* GOAL OF THE EXERCISE:
Within the records below, find each line with the word "fixes" and copy it out.

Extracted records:
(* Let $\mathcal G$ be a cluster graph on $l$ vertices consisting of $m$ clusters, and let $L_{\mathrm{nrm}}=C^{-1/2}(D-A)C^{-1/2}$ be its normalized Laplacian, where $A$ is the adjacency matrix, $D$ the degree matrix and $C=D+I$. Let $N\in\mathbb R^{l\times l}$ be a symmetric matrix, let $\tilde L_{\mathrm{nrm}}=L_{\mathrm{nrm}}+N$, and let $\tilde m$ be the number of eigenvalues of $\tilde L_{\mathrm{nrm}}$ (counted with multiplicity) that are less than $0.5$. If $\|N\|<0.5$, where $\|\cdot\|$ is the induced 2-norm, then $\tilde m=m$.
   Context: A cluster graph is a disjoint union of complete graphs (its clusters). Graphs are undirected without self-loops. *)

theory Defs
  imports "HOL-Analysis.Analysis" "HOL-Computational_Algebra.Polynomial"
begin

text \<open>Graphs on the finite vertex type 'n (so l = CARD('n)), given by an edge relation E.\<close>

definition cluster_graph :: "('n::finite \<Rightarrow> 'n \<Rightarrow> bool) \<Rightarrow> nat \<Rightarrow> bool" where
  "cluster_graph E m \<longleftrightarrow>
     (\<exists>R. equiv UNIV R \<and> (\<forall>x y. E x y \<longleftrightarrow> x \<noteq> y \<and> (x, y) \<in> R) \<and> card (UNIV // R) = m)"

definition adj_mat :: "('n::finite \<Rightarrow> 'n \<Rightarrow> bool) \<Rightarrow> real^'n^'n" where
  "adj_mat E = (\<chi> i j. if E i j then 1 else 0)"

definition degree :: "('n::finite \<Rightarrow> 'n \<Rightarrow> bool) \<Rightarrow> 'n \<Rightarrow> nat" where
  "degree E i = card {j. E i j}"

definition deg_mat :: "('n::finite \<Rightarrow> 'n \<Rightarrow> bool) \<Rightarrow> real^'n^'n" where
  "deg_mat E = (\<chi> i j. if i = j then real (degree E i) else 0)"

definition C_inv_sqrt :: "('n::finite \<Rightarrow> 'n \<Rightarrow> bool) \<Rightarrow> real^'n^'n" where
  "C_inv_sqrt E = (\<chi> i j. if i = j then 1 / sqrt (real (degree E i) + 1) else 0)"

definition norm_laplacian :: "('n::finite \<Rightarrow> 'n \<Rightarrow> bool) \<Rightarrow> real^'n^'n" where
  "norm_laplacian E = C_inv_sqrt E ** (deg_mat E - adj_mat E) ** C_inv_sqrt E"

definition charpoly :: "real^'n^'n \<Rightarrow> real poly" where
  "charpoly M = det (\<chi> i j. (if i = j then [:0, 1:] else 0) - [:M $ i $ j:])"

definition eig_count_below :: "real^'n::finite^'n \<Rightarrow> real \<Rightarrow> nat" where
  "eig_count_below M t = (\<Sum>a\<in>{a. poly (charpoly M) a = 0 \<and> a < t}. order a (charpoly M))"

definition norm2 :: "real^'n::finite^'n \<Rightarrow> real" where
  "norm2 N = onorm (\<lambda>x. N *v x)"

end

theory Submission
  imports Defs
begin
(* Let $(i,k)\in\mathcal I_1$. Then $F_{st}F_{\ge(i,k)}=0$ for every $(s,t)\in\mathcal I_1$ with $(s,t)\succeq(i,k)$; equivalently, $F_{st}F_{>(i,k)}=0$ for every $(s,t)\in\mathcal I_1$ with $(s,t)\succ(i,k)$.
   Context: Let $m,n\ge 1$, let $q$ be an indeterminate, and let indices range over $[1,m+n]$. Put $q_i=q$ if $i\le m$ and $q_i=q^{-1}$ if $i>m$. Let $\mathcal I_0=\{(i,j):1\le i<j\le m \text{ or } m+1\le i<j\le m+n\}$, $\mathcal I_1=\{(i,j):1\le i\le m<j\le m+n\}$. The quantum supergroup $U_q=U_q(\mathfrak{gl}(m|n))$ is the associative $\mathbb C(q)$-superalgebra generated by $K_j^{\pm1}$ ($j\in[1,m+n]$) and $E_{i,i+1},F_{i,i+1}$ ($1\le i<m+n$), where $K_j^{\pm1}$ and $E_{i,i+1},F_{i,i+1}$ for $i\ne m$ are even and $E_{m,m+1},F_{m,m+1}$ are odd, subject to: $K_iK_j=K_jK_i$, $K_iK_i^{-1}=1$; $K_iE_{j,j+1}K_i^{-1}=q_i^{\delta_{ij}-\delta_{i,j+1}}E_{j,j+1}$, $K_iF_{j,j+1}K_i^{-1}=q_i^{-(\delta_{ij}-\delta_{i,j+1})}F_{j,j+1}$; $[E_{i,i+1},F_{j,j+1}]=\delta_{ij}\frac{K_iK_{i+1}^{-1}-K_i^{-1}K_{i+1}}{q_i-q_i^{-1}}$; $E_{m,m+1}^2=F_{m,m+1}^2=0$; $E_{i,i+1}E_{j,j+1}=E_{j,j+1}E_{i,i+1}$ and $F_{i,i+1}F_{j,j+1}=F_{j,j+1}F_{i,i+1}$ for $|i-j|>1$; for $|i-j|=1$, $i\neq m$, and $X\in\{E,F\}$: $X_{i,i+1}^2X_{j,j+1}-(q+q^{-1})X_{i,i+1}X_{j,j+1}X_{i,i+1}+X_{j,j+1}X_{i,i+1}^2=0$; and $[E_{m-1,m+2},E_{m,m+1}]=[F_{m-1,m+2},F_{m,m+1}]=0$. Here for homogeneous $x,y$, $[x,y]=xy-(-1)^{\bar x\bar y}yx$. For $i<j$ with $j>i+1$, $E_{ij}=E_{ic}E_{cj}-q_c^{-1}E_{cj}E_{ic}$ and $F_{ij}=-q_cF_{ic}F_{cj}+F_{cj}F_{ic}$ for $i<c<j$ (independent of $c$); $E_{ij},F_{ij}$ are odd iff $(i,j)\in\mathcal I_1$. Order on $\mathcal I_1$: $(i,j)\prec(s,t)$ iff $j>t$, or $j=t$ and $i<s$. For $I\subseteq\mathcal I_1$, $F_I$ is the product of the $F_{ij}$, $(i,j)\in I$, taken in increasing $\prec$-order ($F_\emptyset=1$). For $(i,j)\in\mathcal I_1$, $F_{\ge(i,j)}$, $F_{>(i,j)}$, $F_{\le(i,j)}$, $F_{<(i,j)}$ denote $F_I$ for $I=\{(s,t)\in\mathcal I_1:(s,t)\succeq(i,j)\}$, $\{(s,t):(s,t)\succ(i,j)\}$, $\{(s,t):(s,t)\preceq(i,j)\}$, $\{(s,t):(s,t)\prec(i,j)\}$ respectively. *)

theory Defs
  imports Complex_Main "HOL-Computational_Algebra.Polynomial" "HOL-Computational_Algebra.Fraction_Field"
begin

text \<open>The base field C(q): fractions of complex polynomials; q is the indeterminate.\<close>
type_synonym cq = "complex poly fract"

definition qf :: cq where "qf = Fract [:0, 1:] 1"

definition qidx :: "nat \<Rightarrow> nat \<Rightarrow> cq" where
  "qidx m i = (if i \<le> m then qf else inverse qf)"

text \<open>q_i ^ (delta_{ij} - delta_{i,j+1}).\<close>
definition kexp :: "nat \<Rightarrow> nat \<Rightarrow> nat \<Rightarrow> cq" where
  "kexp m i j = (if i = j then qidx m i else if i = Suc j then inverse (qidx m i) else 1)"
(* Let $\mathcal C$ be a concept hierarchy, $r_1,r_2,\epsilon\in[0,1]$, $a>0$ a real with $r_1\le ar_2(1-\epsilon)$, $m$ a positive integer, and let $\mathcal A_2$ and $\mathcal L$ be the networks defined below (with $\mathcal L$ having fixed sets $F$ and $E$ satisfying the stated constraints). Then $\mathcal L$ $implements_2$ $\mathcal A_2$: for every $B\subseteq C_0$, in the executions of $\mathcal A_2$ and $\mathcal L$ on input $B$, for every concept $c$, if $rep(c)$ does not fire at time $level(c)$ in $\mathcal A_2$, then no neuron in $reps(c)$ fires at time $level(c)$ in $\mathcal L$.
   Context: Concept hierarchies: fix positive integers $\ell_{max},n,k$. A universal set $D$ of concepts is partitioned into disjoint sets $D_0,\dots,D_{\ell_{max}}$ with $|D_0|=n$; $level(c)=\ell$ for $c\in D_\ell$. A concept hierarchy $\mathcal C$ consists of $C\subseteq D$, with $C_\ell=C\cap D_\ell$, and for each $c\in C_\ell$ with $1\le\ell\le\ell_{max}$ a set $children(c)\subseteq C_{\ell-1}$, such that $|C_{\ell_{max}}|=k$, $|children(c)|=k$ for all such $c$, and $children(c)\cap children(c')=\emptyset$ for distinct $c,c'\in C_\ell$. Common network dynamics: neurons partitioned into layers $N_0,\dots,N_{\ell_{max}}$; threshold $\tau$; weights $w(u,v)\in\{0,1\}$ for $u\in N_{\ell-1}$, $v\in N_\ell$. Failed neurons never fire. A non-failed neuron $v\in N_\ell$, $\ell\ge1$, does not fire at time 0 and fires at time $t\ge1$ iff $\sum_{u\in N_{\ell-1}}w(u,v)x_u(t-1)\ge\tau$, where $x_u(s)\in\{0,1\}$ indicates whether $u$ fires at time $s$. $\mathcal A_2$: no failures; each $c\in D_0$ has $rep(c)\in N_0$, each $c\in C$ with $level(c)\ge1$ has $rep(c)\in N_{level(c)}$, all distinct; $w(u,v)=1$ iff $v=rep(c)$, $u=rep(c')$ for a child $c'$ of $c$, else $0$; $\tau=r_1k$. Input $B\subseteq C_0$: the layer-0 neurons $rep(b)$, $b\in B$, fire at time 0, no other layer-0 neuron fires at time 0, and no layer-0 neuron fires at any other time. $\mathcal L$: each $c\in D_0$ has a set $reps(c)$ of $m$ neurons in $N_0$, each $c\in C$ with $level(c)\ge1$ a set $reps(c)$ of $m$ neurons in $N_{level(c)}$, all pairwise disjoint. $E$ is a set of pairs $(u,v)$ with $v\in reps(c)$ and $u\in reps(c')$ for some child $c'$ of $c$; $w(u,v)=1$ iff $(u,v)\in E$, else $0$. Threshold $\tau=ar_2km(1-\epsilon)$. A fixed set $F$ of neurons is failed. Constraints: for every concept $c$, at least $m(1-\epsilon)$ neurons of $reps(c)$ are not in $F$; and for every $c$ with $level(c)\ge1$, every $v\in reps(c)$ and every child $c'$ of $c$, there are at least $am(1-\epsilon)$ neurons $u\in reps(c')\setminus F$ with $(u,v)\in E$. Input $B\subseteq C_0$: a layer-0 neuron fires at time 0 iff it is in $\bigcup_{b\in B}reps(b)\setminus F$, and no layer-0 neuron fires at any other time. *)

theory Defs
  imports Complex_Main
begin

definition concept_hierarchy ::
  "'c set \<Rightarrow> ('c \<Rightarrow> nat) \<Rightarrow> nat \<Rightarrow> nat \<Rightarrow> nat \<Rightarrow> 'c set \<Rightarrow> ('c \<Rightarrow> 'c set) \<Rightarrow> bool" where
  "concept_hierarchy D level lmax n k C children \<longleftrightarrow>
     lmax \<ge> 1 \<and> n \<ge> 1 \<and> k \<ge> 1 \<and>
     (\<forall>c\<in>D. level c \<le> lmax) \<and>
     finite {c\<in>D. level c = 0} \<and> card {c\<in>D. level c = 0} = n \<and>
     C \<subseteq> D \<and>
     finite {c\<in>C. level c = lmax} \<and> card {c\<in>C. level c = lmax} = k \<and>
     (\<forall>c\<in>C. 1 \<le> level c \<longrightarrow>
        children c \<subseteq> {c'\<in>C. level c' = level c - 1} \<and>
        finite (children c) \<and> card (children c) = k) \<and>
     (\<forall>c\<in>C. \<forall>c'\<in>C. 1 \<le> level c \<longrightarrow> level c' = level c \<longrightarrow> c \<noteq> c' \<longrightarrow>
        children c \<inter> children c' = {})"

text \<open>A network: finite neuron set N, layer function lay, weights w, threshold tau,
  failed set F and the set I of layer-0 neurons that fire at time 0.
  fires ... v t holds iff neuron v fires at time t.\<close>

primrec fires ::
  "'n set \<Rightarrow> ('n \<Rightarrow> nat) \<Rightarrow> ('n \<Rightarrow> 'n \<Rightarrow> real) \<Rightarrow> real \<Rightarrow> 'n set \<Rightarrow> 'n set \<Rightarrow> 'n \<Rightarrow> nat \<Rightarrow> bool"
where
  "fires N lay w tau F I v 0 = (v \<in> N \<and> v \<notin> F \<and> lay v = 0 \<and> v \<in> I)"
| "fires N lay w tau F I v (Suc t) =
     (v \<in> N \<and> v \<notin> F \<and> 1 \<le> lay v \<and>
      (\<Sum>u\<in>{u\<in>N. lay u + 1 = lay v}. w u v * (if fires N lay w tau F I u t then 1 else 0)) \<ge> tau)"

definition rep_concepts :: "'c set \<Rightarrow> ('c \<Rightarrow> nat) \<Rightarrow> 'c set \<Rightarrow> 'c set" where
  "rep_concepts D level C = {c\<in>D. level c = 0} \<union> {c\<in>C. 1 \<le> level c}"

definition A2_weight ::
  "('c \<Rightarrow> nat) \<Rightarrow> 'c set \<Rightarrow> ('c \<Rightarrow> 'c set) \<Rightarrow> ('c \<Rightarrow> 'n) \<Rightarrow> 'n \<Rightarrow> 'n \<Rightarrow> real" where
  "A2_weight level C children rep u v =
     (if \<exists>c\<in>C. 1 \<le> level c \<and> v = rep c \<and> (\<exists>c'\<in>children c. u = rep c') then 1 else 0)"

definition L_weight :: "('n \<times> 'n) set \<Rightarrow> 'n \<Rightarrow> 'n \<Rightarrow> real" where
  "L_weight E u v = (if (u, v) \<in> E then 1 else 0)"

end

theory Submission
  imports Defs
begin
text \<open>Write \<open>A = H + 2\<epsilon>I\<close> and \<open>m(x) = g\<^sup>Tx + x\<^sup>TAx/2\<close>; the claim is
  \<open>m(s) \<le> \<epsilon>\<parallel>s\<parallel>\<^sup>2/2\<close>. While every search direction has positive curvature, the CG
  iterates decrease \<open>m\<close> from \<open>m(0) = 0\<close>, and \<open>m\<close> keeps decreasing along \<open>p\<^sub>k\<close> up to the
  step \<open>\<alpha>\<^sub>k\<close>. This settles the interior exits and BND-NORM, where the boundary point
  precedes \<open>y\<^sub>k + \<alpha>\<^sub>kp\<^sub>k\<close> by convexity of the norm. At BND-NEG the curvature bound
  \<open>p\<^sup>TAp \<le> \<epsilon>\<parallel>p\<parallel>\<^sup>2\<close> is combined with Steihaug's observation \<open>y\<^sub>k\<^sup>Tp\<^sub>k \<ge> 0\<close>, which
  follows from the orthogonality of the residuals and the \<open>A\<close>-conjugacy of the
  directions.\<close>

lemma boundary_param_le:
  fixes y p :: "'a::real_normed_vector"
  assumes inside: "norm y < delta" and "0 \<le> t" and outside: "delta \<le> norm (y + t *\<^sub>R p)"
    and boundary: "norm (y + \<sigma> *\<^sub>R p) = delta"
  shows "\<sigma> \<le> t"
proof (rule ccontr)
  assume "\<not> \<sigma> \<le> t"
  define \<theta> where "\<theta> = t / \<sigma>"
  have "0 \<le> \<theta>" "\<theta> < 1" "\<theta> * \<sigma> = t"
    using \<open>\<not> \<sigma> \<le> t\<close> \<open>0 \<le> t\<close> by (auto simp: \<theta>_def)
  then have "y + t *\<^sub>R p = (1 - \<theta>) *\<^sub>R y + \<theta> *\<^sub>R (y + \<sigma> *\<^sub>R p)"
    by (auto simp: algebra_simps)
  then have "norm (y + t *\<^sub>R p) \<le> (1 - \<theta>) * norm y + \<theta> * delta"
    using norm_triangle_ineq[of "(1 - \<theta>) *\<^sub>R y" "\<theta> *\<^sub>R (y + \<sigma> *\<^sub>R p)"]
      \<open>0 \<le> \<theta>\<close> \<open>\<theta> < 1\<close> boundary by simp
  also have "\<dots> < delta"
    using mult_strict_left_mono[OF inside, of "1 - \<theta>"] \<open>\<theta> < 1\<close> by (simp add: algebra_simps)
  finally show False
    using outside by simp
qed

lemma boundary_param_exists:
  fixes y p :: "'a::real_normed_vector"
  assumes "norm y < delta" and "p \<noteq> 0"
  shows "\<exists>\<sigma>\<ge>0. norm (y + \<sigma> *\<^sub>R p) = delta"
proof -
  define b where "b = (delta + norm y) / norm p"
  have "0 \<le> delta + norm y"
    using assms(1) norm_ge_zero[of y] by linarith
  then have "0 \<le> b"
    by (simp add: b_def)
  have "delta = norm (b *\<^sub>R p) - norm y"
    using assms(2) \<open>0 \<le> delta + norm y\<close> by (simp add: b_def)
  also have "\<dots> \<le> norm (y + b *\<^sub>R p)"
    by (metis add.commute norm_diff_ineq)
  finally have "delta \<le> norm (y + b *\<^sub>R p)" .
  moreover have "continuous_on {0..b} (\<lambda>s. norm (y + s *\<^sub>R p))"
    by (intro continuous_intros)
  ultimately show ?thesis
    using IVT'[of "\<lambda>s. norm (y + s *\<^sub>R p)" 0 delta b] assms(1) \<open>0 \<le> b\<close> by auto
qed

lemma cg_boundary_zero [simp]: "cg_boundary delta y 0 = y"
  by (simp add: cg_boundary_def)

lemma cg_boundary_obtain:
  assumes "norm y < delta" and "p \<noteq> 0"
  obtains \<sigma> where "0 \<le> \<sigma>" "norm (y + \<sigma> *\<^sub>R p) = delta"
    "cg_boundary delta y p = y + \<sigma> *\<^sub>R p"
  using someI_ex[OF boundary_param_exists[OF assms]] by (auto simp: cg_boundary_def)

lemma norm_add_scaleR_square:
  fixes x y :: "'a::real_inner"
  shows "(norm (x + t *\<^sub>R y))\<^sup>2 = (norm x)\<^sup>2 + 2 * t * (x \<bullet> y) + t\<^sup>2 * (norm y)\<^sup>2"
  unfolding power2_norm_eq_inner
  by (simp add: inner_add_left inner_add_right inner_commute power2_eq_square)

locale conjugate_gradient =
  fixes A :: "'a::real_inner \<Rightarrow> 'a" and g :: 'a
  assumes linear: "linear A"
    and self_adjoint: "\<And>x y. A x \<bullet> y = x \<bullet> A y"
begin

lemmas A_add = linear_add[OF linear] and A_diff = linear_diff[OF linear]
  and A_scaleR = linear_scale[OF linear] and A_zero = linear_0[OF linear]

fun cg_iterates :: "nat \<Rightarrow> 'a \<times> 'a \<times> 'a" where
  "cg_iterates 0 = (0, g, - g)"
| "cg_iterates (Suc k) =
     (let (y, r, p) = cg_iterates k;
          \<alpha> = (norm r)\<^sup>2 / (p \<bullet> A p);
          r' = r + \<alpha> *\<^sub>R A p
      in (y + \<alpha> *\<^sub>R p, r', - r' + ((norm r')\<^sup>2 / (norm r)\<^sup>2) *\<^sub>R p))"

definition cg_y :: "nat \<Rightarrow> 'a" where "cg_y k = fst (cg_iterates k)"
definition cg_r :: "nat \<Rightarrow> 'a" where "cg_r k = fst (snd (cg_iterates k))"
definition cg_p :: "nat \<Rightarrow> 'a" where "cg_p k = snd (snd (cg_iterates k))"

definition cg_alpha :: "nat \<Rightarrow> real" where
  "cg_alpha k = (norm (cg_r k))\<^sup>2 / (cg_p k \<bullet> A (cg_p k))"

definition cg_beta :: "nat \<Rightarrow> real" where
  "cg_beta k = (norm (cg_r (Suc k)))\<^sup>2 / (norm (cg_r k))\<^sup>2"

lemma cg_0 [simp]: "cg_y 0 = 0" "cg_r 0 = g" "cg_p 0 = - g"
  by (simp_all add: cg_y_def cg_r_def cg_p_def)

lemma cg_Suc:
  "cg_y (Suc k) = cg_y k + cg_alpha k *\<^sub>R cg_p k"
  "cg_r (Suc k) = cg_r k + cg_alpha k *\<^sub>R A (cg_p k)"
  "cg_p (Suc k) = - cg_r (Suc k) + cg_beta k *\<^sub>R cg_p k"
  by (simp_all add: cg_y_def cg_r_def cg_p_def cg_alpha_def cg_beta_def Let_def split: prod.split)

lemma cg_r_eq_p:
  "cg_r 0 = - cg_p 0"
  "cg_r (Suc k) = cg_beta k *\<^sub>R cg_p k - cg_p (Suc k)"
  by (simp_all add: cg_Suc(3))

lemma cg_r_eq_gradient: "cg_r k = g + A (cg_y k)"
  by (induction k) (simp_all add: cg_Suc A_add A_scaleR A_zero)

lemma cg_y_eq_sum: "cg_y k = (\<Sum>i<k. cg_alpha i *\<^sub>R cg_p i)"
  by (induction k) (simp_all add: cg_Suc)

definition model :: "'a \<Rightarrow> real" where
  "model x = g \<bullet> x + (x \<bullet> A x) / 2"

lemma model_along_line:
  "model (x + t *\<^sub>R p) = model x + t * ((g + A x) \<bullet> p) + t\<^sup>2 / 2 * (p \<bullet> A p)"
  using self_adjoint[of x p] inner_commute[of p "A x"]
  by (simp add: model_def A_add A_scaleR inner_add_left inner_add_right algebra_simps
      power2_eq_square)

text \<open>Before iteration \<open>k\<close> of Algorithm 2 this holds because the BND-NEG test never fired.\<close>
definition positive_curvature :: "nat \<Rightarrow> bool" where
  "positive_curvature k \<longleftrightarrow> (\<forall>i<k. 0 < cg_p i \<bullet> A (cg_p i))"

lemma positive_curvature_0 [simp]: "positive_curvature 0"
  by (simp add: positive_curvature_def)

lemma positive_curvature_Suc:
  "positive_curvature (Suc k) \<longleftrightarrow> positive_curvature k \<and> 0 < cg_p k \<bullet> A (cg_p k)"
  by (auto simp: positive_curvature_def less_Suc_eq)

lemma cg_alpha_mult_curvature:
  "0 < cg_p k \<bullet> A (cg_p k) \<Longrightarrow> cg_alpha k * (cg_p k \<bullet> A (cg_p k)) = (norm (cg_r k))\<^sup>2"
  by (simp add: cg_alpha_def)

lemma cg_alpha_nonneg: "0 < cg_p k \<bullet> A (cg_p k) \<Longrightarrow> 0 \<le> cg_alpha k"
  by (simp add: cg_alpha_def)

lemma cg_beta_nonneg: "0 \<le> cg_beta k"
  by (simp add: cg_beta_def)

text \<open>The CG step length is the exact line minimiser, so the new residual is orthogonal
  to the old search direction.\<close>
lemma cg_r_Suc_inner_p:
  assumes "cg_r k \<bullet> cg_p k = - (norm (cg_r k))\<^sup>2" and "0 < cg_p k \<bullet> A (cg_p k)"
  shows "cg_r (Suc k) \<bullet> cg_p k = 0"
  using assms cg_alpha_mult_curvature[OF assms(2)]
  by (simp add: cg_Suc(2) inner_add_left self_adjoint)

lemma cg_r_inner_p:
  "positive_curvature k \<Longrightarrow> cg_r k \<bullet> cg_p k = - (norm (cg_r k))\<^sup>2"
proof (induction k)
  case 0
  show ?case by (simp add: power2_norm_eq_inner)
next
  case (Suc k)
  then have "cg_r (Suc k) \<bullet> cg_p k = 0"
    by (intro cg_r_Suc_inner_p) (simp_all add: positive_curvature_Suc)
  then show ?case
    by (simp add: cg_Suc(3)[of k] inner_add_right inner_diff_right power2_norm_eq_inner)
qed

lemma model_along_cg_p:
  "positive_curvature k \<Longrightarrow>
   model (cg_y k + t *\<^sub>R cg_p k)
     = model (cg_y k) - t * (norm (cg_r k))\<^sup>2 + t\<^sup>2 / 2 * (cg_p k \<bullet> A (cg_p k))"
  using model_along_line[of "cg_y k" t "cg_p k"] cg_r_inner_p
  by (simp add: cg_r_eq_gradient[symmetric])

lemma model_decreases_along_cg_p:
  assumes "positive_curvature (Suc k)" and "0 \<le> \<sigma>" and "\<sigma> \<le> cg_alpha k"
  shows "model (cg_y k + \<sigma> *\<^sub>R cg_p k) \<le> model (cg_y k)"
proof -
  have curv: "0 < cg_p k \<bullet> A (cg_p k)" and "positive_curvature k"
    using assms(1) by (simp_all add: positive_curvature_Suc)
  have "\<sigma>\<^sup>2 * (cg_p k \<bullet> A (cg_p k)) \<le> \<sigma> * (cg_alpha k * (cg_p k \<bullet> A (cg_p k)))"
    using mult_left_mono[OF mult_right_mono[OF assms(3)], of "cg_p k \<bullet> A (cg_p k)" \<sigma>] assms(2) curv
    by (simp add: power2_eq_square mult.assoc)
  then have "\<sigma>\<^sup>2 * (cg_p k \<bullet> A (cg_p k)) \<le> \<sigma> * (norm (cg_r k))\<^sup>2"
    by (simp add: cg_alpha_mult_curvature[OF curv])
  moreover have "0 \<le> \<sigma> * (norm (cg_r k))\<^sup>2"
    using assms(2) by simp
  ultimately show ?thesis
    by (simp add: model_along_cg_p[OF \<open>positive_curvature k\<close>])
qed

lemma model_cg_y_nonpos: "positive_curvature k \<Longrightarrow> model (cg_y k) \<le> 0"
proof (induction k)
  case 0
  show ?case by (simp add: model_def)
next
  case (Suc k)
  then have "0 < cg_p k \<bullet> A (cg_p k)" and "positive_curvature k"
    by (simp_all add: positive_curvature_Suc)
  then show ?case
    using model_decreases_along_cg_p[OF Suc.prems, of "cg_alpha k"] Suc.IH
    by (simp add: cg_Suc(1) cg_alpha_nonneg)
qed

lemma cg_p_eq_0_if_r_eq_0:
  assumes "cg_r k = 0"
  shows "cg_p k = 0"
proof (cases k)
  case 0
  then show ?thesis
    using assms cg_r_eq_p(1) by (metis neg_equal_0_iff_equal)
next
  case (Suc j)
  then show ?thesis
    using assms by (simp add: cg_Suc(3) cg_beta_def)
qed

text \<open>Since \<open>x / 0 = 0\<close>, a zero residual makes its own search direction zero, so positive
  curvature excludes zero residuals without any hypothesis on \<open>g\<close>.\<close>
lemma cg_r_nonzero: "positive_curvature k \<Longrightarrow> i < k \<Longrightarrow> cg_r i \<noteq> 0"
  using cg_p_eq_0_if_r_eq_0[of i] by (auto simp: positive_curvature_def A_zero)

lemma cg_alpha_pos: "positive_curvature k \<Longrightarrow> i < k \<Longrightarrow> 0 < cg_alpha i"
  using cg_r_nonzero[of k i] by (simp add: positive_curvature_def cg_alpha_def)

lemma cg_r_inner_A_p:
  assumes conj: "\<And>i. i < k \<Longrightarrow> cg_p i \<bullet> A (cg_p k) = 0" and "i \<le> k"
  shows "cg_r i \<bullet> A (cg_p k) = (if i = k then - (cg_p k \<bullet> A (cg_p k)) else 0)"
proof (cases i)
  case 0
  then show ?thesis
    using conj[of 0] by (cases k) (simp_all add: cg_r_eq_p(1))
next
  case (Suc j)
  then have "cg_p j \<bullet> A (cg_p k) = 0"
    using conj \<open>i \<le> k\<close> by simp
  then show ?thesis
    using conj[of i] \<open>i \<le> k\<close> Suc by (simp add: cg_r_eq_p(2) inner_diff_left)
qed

* THE COMPLETED TASK:
  fixes y p :: "'a::real_normed_vector"
  fixes y p :: "'a::real_normed_vector"
  fixes x y :: "'a::real_inner"
  fixes A :: "'a::real_inner \<Rightarrow> 'a" and g :: 'a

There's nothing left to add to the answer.